Separatamente è stata condotta un’analisi sull’uso di StratifyJCV™ di Biogen, un test anticorpale brevettato e concepito per rilevare la presenza di anticorpi anti-JC virus (JCV) nel siero e quantificare i valori dell’indice anticorpale, i quali sono correlati al rischio di leucoencefalopatia multifocale progressiva (PML) nei pazienti trattati con natalizumab. A oggi sono stati condotti oltre 2 milioni di test StratifyJCV in tutto il mondo. I dati aggregati sui risultati di 845.498 test StratifyJCV condotti da gennaio 2015 a dicembre 2021 hanno mostrato una diminuzione percentuale dei risultati indice-JCV positivi maggiore di 1,5 nei test ripetuti, dal 15% nel 2015 all’8% nel 2021, dimostrando che gli operatori sanitari stanno adottando il test per individuare, monitorare e gestire in maniera appropriata i pazienti trattati con natalizumab.

Effetto di dimetilfumarato sulla prima manifestazione di sindrome radiologicamente isolata 
I risultati dello studio ARISE (Assessment of dimethylfumarate in Radiologically Isolated Syndrome), uno studio clinico controllato con placebo, multicentrico e in doppio cieco, saranno presentati nella sessione dedicata alle terapie innovative. ARISE ha approfondito l’impatto dell’intervento terapeutico sulla prevenzione della prima manifestazione clinica della SM nelle persone colpite da sindrome radiologicamente isolata (RIS). Lo studio ha coinvolto 87 pazienti randomizzati con dimetilfumarato o placebo e trattati per un massimo di 96 settimane.

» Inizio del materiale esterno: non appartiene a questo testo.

section \<open>The valuation \<open>v\<^sub>1\<close> along a smooth branch\<close>

lemma v1_eq_int_mult_smooth:
  assumes \<xi>0: "fps_nth \<xi> 0 = 0" and reg: "eval_O q \<noteq> 0" and p: "restrict_C \<xi> p \<noteq> 0"
    and s: "real (int_mult_smooth \<xi> p q) \<le> s"
  shows "v1 \<xi> p q s = real (int_mult_smooth \<xi> p q)"
proof -
  define A0 where "A0 = fps_nth (C_expansion \<xi> p q) 0"
  have UA: "restrict_C \<xi> q * A0 = restrict_C \<xi> p"
    using restrict_C_mult_C_expansion_0[OF \<xi>0 reg] by (simp add: A0_def)
  have "restrict_C \<xi> q \<noteq> 0" using reg fps_nth_restrict_C_0[OF \<xi>0, of q] by auto
  then have mult: "int_mult_smooth \<xi> p q = subdegree A0"
    unfolding int_mult_smooth_def UA[symmetric] by simp
  have "A0 \<noteq> 0" using UA p by auto
  have "v1 \<xi> p q s = Inf {real i + s * real j | i j. (i, j) \<in> {(i, j). C_coeff \<xi> p q i j \<noteq> 0}}"
    by (simp add: v1_def)
  also have "\<dots> = real (subdegree A0)"
    using \<open>A0 \<noteq> 0\<close> s unfolding mult
    by (intro Inf_weights_first_row) (auto simp: C_coeff_def A0_def[symmetric])
  finally show ?thesis by (simp add: mult)
qed

theorem proposition3p7:
  fixes \<xi> :: "complex fps" and p q :: "complex poly poly"
  assumes C: "curve_branch \<xi>"
    and reg: "eval_O q \<noteq> 0"
    and nz: "p \<noteq> 0"
  shows
    "(continuous_on {1..} (v1 \<xi> p q) \<and>
      mono_on {1..} (v1 \<xi> p q) \<and>
      concave_on {1..} (v1 \<xi> p q) \<and>
      finite (NP_edges \<xi> p q) \<and>
      (\<exists>(t :: nat \<Rightarrow> real) (\<sigma> :: nat \<Rightarrow> real) (\<beta> :: nat \<Rightarrow> real) (N :: nat).
         N = Suc (card {e \<in> NP_edges \<xi> p q. edge_slope e > -1}) \<and>
         t 0 = 1 \<and> (\<forall>m. Suc m < N \<longrightarrow> t m < t (Suc m)) \<and>
         (\<forall>m < N. \<sigma> m \<in> \<rat> \<and>
            (\<forall>s. t m \<le> s \<and> (Suc m < N \<longrightarrow> s \<le> t (Suc m)) \<longrightarrow> v1 \<xi> p q s = \<sigma> m * s + \<beta> m)) \<and>
         (\<forall>m. Suc m < N \<longrightarrow> \<sigma> m \<noteq> \<sigma> (Suc m))))
     \<and> (\<forall>s > 1. \<not> (v1 \<xi> p q) differentiable (at s) \<longleftrightarrow>
            (\<exists>e \<in> NP_edges \<xi> p q. s = - 1 / edge_slope e))
     \<and> (restrict_C \<xi> p \<noteq> 0 \<longrightarrow>
            (\<exists>S. \<forall>s \<ge> S. v1 \<xi> p q s = real (int_mult_smooth \<xi> p q)))"
proof -
  have \<xi>0: "fps_nth \<xi> 0 = 0" using C by (simp add: curve_branch_def)
  define S where "S = {(i, j). C_coeff \<xi> p q i j \<noteq> 0}"
  have "S \<noteq> {}"
    using C_expansion_nonzero[OF \<xi>0 reg nz] by (auto simp: S_def C_coeff_def fps_nonzero_nth)
  then obtain F where F: "finite F" "F \<noteq> {}" "F \<subseteq> S"
    and dom: "\<And>z. z \<in> S \<Longrightarrow> \<exists>w\<in>F. fst w \<le> fst z \<and> snd w \<le> snd z"
    using finite_dominating_subset[OF \<open>S \<noteq> {}\<close>] by metis
  interpret lower_envelope F using F(1,2) by unfold_locales
  have v1: "v1 \<xi> p q s = envelope s" if "1 \<le> s" for s
    using Inf_weights_eq_envelope[OF F(3) dom, of s] that by (simp add: v1_def S_def)
  have edges: "NP_edges \<xi> p q = edges"
    using convex_hull_quadrants_eq_polyhedron[OF F(3) dom]
    by (simp add: NP_edges_def NP_vertices_def newton_polyhedron_def S_def[symmetric]
        extreme_points_polyhedron edges_def)
  have "continuous_on {1..} (v1 \<xi> p q)"
    using continuous_on_envelope by (rule continuous_on_eq) (simp add: v1)
  moreover have "mono_on {1..} (v1 \<xi> p q)"
    using mono_onD[OF mono_on_envelope] by (intro mono_onI) (simp add: v1)
  moreover have "concave_on {1..} (v1 \<xi> p q)"
    using concave_on_envelope[OF convex_real_interval(1)] by (rule concave_on_eq) (simp add: v1)
  moreover have "card {e \<in> edges. edge_slope e > -1} = card {s. 1 < s \<and> breakpoint s}"
    using card_steep_edges[of 1] by simp
  moreover have "\<forall>s>1. \<not> v1 \<xi> p q differentiable (at s) \<longleftrightarrow> (\<exists>e\<in>edges. s = - 1 / edge_slope e)"
    using differentiable_iff_eq_envelope[OF v1] breakpoint_iff_edge by simp
  moreover have "restrict_C \<xi> p \<noteq> 0 \<longrightarrow> (\<exists>S. \<forall>s\<ge>S. v1 \<xi> p q s = real (int_mult_smooth \<xi> p q))"
    using v1_eq_int_mult_smooth[OF \<xi>0 reg] by blast
  ultimately show ?thesis
    unfolding edges using finite_edges piecewise_linear_if_eq_envelope[OF v1] by (simp only:)
qed

end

I ricercatori hanno determinato che il trattamento con dimetilfumarato offre una riduzione del rischio dell’82% rispetto al placebo nella prevenzione di un primo episodio clinico correlato alla demielinizzazione del SNC.

Impatto di peginterferone beta-1a e interferone beta-1a su gravidanza, allattamento e sviluppo del feto 
Due presentazioni hanno valutato l’impatto dell’esposizione all’interferone sulla gravidanza, sull’allattamento e sullo sviluppo del feto. I dati dello studio post-autorizzazione sulla sicurezza PRIMA sono stati in linea con i risultati degli studi precedenti, nei quali l’esposizione a peginterferone beta-1a o a interferone beta-1a in gravidanza o in allattamento non mostrava un impatto negativo sullo sviluppo del feto o sulla crescita intrauterina. In aggiunta, da un’analisi preliminare del registro della Sclerosi Multipla e della gravidanza in Germania ha valutato lo sviluppo dei neonati nati da madri esposte a peginterferone beta-1a e interferone beta-1a durante la gravidanza: il trattamento non ha inciso negativamente sullo sviluppo dei feti.